• _Problem requirements_: The required result is each line of the entries below containing the string "bool".

START Given data

(* Let $\mathbf{A}$ be a 5-dimensional LV algebra with natural basis $e_1,\dots,e_5$ such that $e_ie_j\neq\frac12(e_i+e_j)$ for $\{i,j\}\in\{\{1,2\},\{2,3\},\{3,4\},\{4,5\},\{1,5\}\}$ and $e_ie_j=\frac12(e_i+e_j)$ for $\{i,j\}\in\{\{1,3\},\{1,4\},\{2,4\},\{2,5\},\{3,5\}\}$. Then $\mathrm{Der}(\mathbf{A})=\{0\}$.
   Context: Let $\mathbb{F}$ be a field of characteristic different from $2$. A Lotka–Volterra (LV) algebra of dimension $5$ over $\mathbb{F}$ is a commutative (not necessarily associative) $\mathbb{F}$-algebra $\mathbf{A}$ with a basis $e_1,\dots,e_5$ (the natural basis) such that $e_ie_j=\alpha_{ij}e_i+\alpha_{ji}e_j$ with $\alpha_{ij}\in\mathbb{F}$, $\alpha_{ii}=\frac12$ and $\alpha_{ij}+\alpha_{ji}=1$ for all $i,j$. A derivation is a linear map $D:\mathbf{A}\to\mathbf{A}$ with $D(uv)=D(u)v+uD(v)$ for all $u,v$; $\mathrm{Der}(\mathbf{A})$ is the set of derivations. *)

theory Defs
  imports Main
begin

datatype idx5 = I1 | I2 | I3 | I4 | I5

lemma UNIV_idx5: "(UNIV :: idx5 set) = {I1, I2, I3, I4, I5}"
  by (auto intro: idx5.exhaust)

instance idx5 :: finite
  by standard (simp add: UNIV_idx5)

text \<open>Elements of the algebra are coordinate vectors w.r.t. the natural basis.\<close>
type_synonym 'a vec5 = "idx5 \<Rightarrow> 'a"

definition basis5 :: "idx5 \<Rightarrow> 'a::field vec5" where
  "basis5 i = (\<lambda>k. if k = i then 1 else 0)"

definition vadd :: "'a::field vec5 \<Rightarrow> 'a vec5 \<Rightarrow> 'a vec5" where
  "vadd u v = (\<lambda>k. u k + v k)"

definition vscale :: "'a::field \<Rightarrow> 'a vec5 \<Rightarrow> 'a vec5" where
  "vscale c u = (\<lambda>k. c * u k)"

text \<open>Structure constants: the k-th coordinate of e_i e_j = alpha i j e_i + alpha j i e_j.\<close>
definition lv_mult :: "(idx5 \<Rightarrow> idx5 \<Rightarrow> 'a::field) \<Rightarrow> 'a vec5 \<Rightarrow> 'a vec5 \<Rightarrow> 'a vec5" where
  "lv_mult \<alpha> u v = (\<lambda>k. \<Sum>i\<in>UNIV. \<Sum>j\<in>UNIV. u i * v j *
      ((if k = i then \<alpha> i j else 0) + (if k = j then \<alpha> j i else 0)))"

definition is_LV :: "(idx5 \<Rightarrow> idx5 \<Rightarrow> 'a::field) \<Rightarrow> bool" where
  "is_LV \<alpha> \<longleftrightarrow> (\<forall>i. \<alpha> i i = inverse 2) \<and> (\<forall>i j. \<alpha> i j + \<alpha> j i = 1)"

definition is_linear5 :: "('a::field vec5 \<Rightarrow> 'a vec5) \<Rightarrow> bool" where
  "is_linear5 D \<longleftrightarrow> (\<forall>u v. D (vadd u v) = vadd (D u) (D v)) \<and>
                      (\<forall>c u. D (vscale c u) = vscale c (D u))"

definition is_derivation :: "(idx5 \<Rightarrow> idx5 \<Rightarrow> 'a::field) \<Rightarrow> ('a vec5 \<Rightarrow> 'a vec5) \<Rightarrow> bool" where
  "is_derivation \<alpha> D \<longleftrightarrow> is_linear5 D \<and>
     (\<forall>u v. D (lv_mult \<alpha> u v) = vadd (lv_mult \<alpha> (D u) v) (lv_mult \<alpha> u (D v)))"

definition Der :: "(idx5 \<Rightarrow> idx5 \<Rightarrow> 'a::field) \<Rightarrow> ('a vec5 \<Rightarrow> 'a vec5) set" where
  "Der \<alpha> = {D. is_derivation \<alpha> D}"

end

theory Submission
  imports Defs
begin

text \<open>
  Evaluating the Leibniz rule on products of basis vectors gives, coordinatewise, a linear system
  for the matrix entries \<open>D(e\<^sub>i)\<^sub>k\<close>. Squaring \<open>e\<^sub>i\<close> kills \<open>D(e\<^sub>i)\<^sub>k\<close> whenever
  \<open>\<alpha>\<^sub>k\<^sub>i \<noteq> 1/2\<close>; a product \<open>e\<^sub>i e\<^sub>j\<close> with \<open>\<alpha>\<^sub>i\<^sub>j \<noteq> \<alpha>\<^sub>k\<^sub>j\<close> transfers the vanishing of
  \<open>D(e\<^sub>j)\<^sub>k\<close> to \<open>D(e\<^sub>i)\<^sub>k\<close>; and once all off-diagonal entries of a column vanish, squaring
  kills the diagonal one too. In the given pentagon every coordinate pair \<open>(i, k)\<close> is either a side,
  where the first rule applies, or a diagonal, where a common neighbour \<open>j\<close> of \<open>k\<close> on the pentagon
  that is joined to \<open>i\<close> by a diagonal makes the second rule applicable.
\<close>

lemma sum_idx5: "(\<Sum>i\<in>UNIV. f i) = f I1 + f I2 + f I3 + f I4 + (f I5 :: 'a::comm_monoid_add)"
  by (simp add: UNIV_idx5 add.assoc)

lemma ex_idx5: "(\<exists>i. P i) \<longleftrightarrow> P I1 \<or> P I2 \<or> P I3 \<or> P I4 \<or> P I5"
  by (metis idx5.exhaust)

lemma vec5_eq_sum_basis:
  "u = vadd (vscale (u I1) (basis5 I1)) (vadd (vscale (u I2) (basis5 I2))
     (vadd (vscale (u I3) (basis5 I3)) (vadd (vscale (u I4) (basis5 I4)) (vscale (u I5) (basis5 I5)))))"
  by (rule ext, case_tac x) (simp_all add: vadd_def vscale_def basis5_def)

lemma sum_mult_basis5: "(\<Sum>j\<in>UNIV. c j * basis5 i j) = (c i :: 'a::field)"
  unfolding basis5_def by (simp add: if_distrib cong: if_cong)

lemma lv_mult_apply:
  "lv_mult \<alpha> u v k = u k * (\<Sum>j\<in>UNIV. \<alpha> k j * v j) + v k * (\<Sum>i\<in>UNIV. \<alpha> k i * u i)"
  unfolding lv_mult_def sum_idx5 by (cases k) (simp_all add: algebra_simps)

lemma lv_mult_basis:
  "lv_mult \<alpha> (basis5 i) (basis5 j) = vadd (vscale (\<alpha> i j) (basis5 i)) (vscale (\<alpha> j i) (basis5 j))"
  by (rule ext) (simp add: lv_mult_apply sum_mult_basis5, simp add: vadd_def vscale_def basis5_def)

lemma is_LV_diag: "is_LV \<alpha> \<Longrightarrow> \<alpha> i i = inverse 2"
  by (simp add: is_LV_def)

lemma is_LV_flip: "is_LV \<alpha> \<Longrightarrow> \<alpha> j i = 1 - \<alpha> i j"
  unfolding is_LV_def by (metis add_diff_cancel_left')

lemma is_LV_two_neq_zero:
  assumes "is_LV (\<alpha> :: idx5 \<Rightarrow> idx5 \<Rightarrow> 'a::field)"
  shows "(2::'a) \<noteq> 0"
proof
  assume "(2::'a) = 0"
  moreover have "\<alpha> I1 I1 + \<alpha> I1 I1 = 1" using assms by (simp add: is_LV_def)
  ultimately show False using is_LV_diag[OF assms] by simp
qed

lemma is_LV_flip_half_iff:
  assumes "is_LV (\<alpha> :: idx5 \<Rightarrow> idx5 \<Rightarrow> 'a::field)"
  shows "\<alpha> j i = inverse 2 \<longleftrightarrow> \<alpha> i j = inverse 2"
proof -
  have "1 - inverse 2 = (inverse 2 :: 'a)"
    using is_LV_two_neq_zero[OF assms] by (simp add: field_simps)
  then show ?thesis
    using is_LV_flip[OF assms, of i j] is_LV_flip[OF assms, of j i] by auto
qed

lemma lv_mult_basis_eq_midpoint_iff:
  assumes LV: "is_LV (\<alpha> :: idx5 \<Rightarrow> idx5 \<Rightarrow> 'a::field)" and "i \<noteq> j"
  shows "lv_mult \<alpha> (basis5 i) (basis5 j) = vscale (inverse 2) (vadd (basis5 i) (basis5 j))
         \<longleftrightarrow> \<alpha> i j = inverse 2"
proof
  assume "lv_mult \<alpha> (basis5 i) (basis5 j) = vscale (inverse 2) (vadd (basis5 i) (basis5 j))"
  then have "lv_mult \<alpha> (basis5 i) (basis5 j) i = vscale (inverse 2) (vadd (basis5 i) (basis5 j)) i"
    by simp
  then show "\<alpha> i j = inverse 2"
    using \<open>i \<noteq> j\<close> unfolding lv_mult_basis by (simp add: vadd_def vscale_def basis5_def)
next
  assume ij: "\<alpha> i j = inverse 2"
  then have ji: "\<alpha> j i = inverse 2" using is_LV_flip_half_iff[OF LV] by blast
  show "lv_mult \<alpha> (basis5 i) (basis5 j) = vscale (inverse 2) (vadd (basis5 i) (basis5 j))"
    unfolding lv_mult_basis ij ji by (simp add: vadd_def vscale_def distrib_left)
qed

lemma zero_is_derivation: "is_derivation \<alpha> (\<lambda>u k. 0)"
  by (simp add: is_derivation_def is_linear5_def vadd_def vscale_def lv_mult_def)

lemma derivation_eq_zero_if_basis:
  assumes "is_derivation \<alpha> D" and "\<And>i. D (basis5 i) = (\<lambda>k. 0)"
  shows "D = (\<lambda>u k. 0)"
proof
  fix u :: "'a vec5"
  have "is_linear5 D" using assms(1) by (simp add: is_derivation_def)
  then have "D (vadd (vscale (u I1) (basis5 I1)) (vadd (vscale (u I2) (basis5 I2))
      (vadd (vscale (u I3) (basis5 I3)) (vadd (vscale (u I4) (basis5 I4)) (vscale (u I5) (basis5 I5))))))
      = (\<lambda>k. 0)"
    by (simp add: is_linear5_def assms(2) vadd_def vscale_def)
  then show "D u = (\<lambda>k. 0)" by (simp flip: vec5_eq_sum_basis)
qed

lemma derivation_basis_apply:
  assumes "is_derivation \<alpha> D"
  shows "\<alpha> i j * D (basis5 i) k + \<alpha> j i * D (basis5 j) k =
     D (basis5 i) k * \<alpha> k j + (if k = j then (\<Sum>m\<in>UNIV. \<alpha> j m * D (basis5 i) m) else 0)
   + (if k = i then (\<Sum>m\<in>UNIV. \<alpha> i m * D (basis5 j) m) else 0) + D (basis5 j) k * \<alpha> k i"
proof -
  have lin: "is_linear5 D"
    and leibniz: "\<And>u v. D (lv_mult \<alpha> u v) = vadd (lv_mult \<alpha> (D u) v) (lv_mult \<alpha> u (D v))"
    using assms by (auto simp: is_derivation_def)
  have "D (lv_mult \<alpha> (basis5 i) (basis5 j))
      = vadd (vscale (\<alpha> i j) (D (basis5 i))) (vscale (\<alpha> j i) (D (basis5 j)))"
    using lin by (simp add: lv_mult_basis is_linear5_def)
  then have "vadd (vscale (\<alpha> i j) (D (basis5 i))) (vscale (\<alpha> j i) (D (basis5 j))) k
      = vadd (lv_mult \<alpha> (D (basis5 i)) (basis5 j)) (lv_mult \<alpha> (basis5 i) (D (basis5 j))) k"
    by (simp add: leibniz)
  then show ?thesis
    by (simp add: vadd_def vscale_def lv_mult_apply sum_mult_basis5) (simp add: basis5_def algebra_simps)
qed

lemma derivation_basis_offdiag_zero:
  assumes der: "is_derivation \<alpha> D" and LV: "is_LV (\<alpha> :: idx5 \<Rightarrow> idx5 \<Rightarrow> 'a::field)"
    and "k \<noteq> i" and "\<alpha> k i \<noteq> inverse 2"
  shows "D (basis5 i) k = 0"
proof -
  have two: "(2::'a) \<noteq> 0" using is_LV_two_neq_zero[OF LV] .
  have "inverse 2 * D (basis5 i) k + inverse 2 * D (basis5 i) k
      = D (basis5 i) k * \<alpha> k i + D (basis5 i) k * \<alpha> k i"
    using derivation_basis_apply[OF der, of i i k] \<open>k \<noteq> i\<close> is_LV_diag[OF LV] by simp
  then have "D (basis5 i) k * (1 - 2 * \<alpha> k i) = 0"
    using two by (simp add: field_simps)
  moreover have "1 - 2 * \<alpha> k i \<noteq> 0"
    using \<open>\<alpha> k i \<noteq> inverse 2\<close> two by (auto simp: field_simps)
  ultimately show ?thesis by simp
qed

lemma derivation_basis_transfer_zero:
  assumes der: "is_derivation \<alpha> D" and "i \<noteq> j" "j \<noteq> k" "i \<noteq> k"
    and "D (basis5 j) k = 0" and "\<alpha> i j \<noteq> \<alpha> k j"
  shows "D (basis5 i) k = 0"
proof -
  have "\<alpha> i j * D (basis5 i) k = D (basis5 i) k * \<alpha> k j"
    using derivation_basis_apply[OF der, of i j k] assms(2-5) by simp
  then have "D (basis5 i) k * (\<alpha> i j - \<alpha> k j) = 0" by (simp add: algebra_simps)
  then show ?thesis using \<open>\<alpha> i j \<noteq> \<alpha> k j\<close> by simp
qed

lemma derivation_basis_diag_zero:
  assumes der: "is_derivation \<alpha> D" and LV: "is_LV (\<alpha> :: idx5 \<Rightarrow> idx5 \<Rightarrow> 'a::field)"
    and offdiag: "\<And>m. m \<noteq> i \<Longrightarrow> D (basis5 i) m = 0"
  shows "D (basis5 i) i = 0"
proof -
  have "(\<Sum>m\<in>UNIV. \<alpha> i m * D (basis5 i) m) = \<alpha> i i * D (basis5 i) i"
    using offdiag by (subst sum.remove[of UNIV i]) auto
  then have "\<alpha> i i * D (basis5 i) i + \<alpha> i i * D (basis5 i) i
      = D (basis5 i) i * \<alpha> i i + \<alpha> i i * D (basis5 i) i + \<alpha> i i * D (basis5 i) i
        + D (basis5 i) i * \<alpha> i i"
    using derivation_basis_apply[OF der, of i i i] by simp
  then have "2 * (\<alpha> i i * D (basis5 i) i) = 0" by algebra
  moreover have "(2::'a) \<noteq> 0" using is_LV_two_neq_zero[OF LV] .
  moreover from this have "\<alpha> i i \<noteq> 0" unfolding is_LV_diag[OF LV] by simp
  ultimately show ?thesis by simp
qed

lemma Der_eq_zero_if_witnesses:
  assumes LV: "is_LV (\<alpha> :: idx5 \<Rightarrow> idx5 \<Rightarrow> 'a::field)"
    and witness: "\<And>i k. k \<noteq> i \<Longrightarrow> \<alpha> k i \<noteq> inverse 2 \<or>
                     (\<exists>j. j \<noteq> i \<and> j \<noteq> k \<and> \<alpha> i j = inverse 2 \<and> \<alpha> k j \<noteq> inverse 2)"
  shows "Der \<alpha> = {\<lambda>u k. 0}"
proof -
  have "D = (\<lambda>u k. 0)" if der: "is_derivation \<alpha> D" for D
  proof (rule derivation_eq_zero_if_basis[OF der])
    have offdiag: "D (basis5 i) k = 0" if "k \<noteq> i" for i k
      using witness[OF that]
    proof
      assume "\<alpha> k i \<noteq> inverse 2"
      then show ?thesis using derivation_basis_offdiag_zero[OF der LV that] by blast
    next
      assume "\<exists>j. j \<noteq> i \<and> j \<noteq> k \<and> \<alpha> i j = inverse 2 \<and> \<alpha> k j \<noteq> inverse 2"
      then obtain j where j: "j \<noteq> i" "j \<noteq> k" "\<alpha> i j = inverse 2" "\<alpha> k j \<noteq> inverse 2"
        by blast
      have "D (basis5 j) k = 0"
        using derivation_basis_offdiag_zero[OF der LV j(2)[symmetric] j(4)] .
      moreover have "\<alpha> i j \<noteq> \<alpha> k j" unfolding j(3) using j(4) by (rule not_sym)
      ultimately show ?thesis
        using derivation_basis_transfer_zero[OF der j(1)[symmetric] j(2) that[symmetric]] by blast
    qed
    show "D (basis5 i) = (\<lambda>k. 0)" for i
    proof
      show "D (basis5 i) k = 0" for k
        using offdiag[of k i] derivation_basis_diag_zero[OF der LV offdiag] by (cases "k = i") auto
    qed
  qed
  then show ?thesis
    unfolding Der_def using zero_is_derivation[of \<alpha>] by blast
qed

theorem mainTheorem15:
  fixes \<alpha> :: "idx5 \<Rightarrow> idx5 \<Rightarrow> 'a::field"
  assumes char: "(2::'a) \<noteq> 0"
    and LV: "is_LV \<alpha>"
    and ne: "\<forall>(i, j) \<in> {(I1, I2), (I2, I3), (I3, I4), (I4, I5), (I1, I5)}.
               lv_mult \<alpha> (basis5 i) (basis5 j) \<noteq> vscale (inverse 2) (vadd (basis5 i) (basis5 j))"
    and eq: "\<forall>(i, j) \<in> {(I1, I3), (I1, I4), (I2, I4), (I2, I5), (I3, I5)}.
               lv_mult \<alpha> (basis5 i) (basis5 j) = vscale (inverse 2) (vadd (basis5 i) (basis5 j))"
  shows "Der \<alpha> = {(\<lambda>u. (\<lambda>k. 0))}"
proof (rule Der_eq_zero_if_witnesses[OF LV])
  note midpoint = lv_mult_basis_eq_midpoint_iff[OF LV] and flip = is_LV_flip_half_iff[OF LV]
  have side: "\<alpha> i j \<noteq> inverse 2" "\<alpha> j i \<noteq> inverse 2"
    if "(i, j) \<in> {(I1, I2), (I2, I3), (I3, I4), (I4, I5), (I1, I5)}" for i j
    using bspec[OF ne that] that midpoint[of i j] flip[of i j] by auto
  have diagonal: "\<alpha> i j = inverse 2" "\<alpha> j i = inverse 2"
    if "(i, j) \<in> {(I1, I3), (I1, I4), (I2, I4), (I2, I5), (I3, I5)}" for i j
    using bspec[OF eq that] that midpoint[of i j] flip[of i j] by auto
  note sides = side[of I1 I2, simplified] side[of I2 I3, simplified] side[of I3 I4, simplified]
    side[of I4 I5, simplified] side[of I1 I5, simplified]
  note diagonals = diagonal[of I1 I3, simplified] diagonal[of I1 I4, simplified]
    diagonal[of I2 I4, simplified] diagonal[of I2 I5, simplified] diagonal[of I3 I5, simplified]
  show "\<alpha> k i \<noteq> inverse 2 \<or> (\<exists>j. j \<noteq> i \<and> j \<noteq> k \<and> \<alpha> i j = inverse 2 \<and> \<alpha> k j \<noteq> inverse 2)"
    if "k \<noteq> i" for i k
    using that by (cases i; cases k) (simp_all add: ex_idx5 sides diagonals)
qed

end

END Given data

• _Your solution_:
definition is_LV :: "(idx5 \<Rightarrow> idx5 \<Rightarrow> 'a::field) \<Rightarrow> bool" where
definition is_linear5 :: "('a::field vec5 \<Rightarrow> 'a vec5) \<Rightarrow> bool" where
definition is_derivation :: "(idx5 \<Rightarrow> idx5 \<Rightarrow> 'a::field) \<Rightarrow> ('a vec5 \<Rightarrow> 'a vec5) \<Rightarrow> bool" where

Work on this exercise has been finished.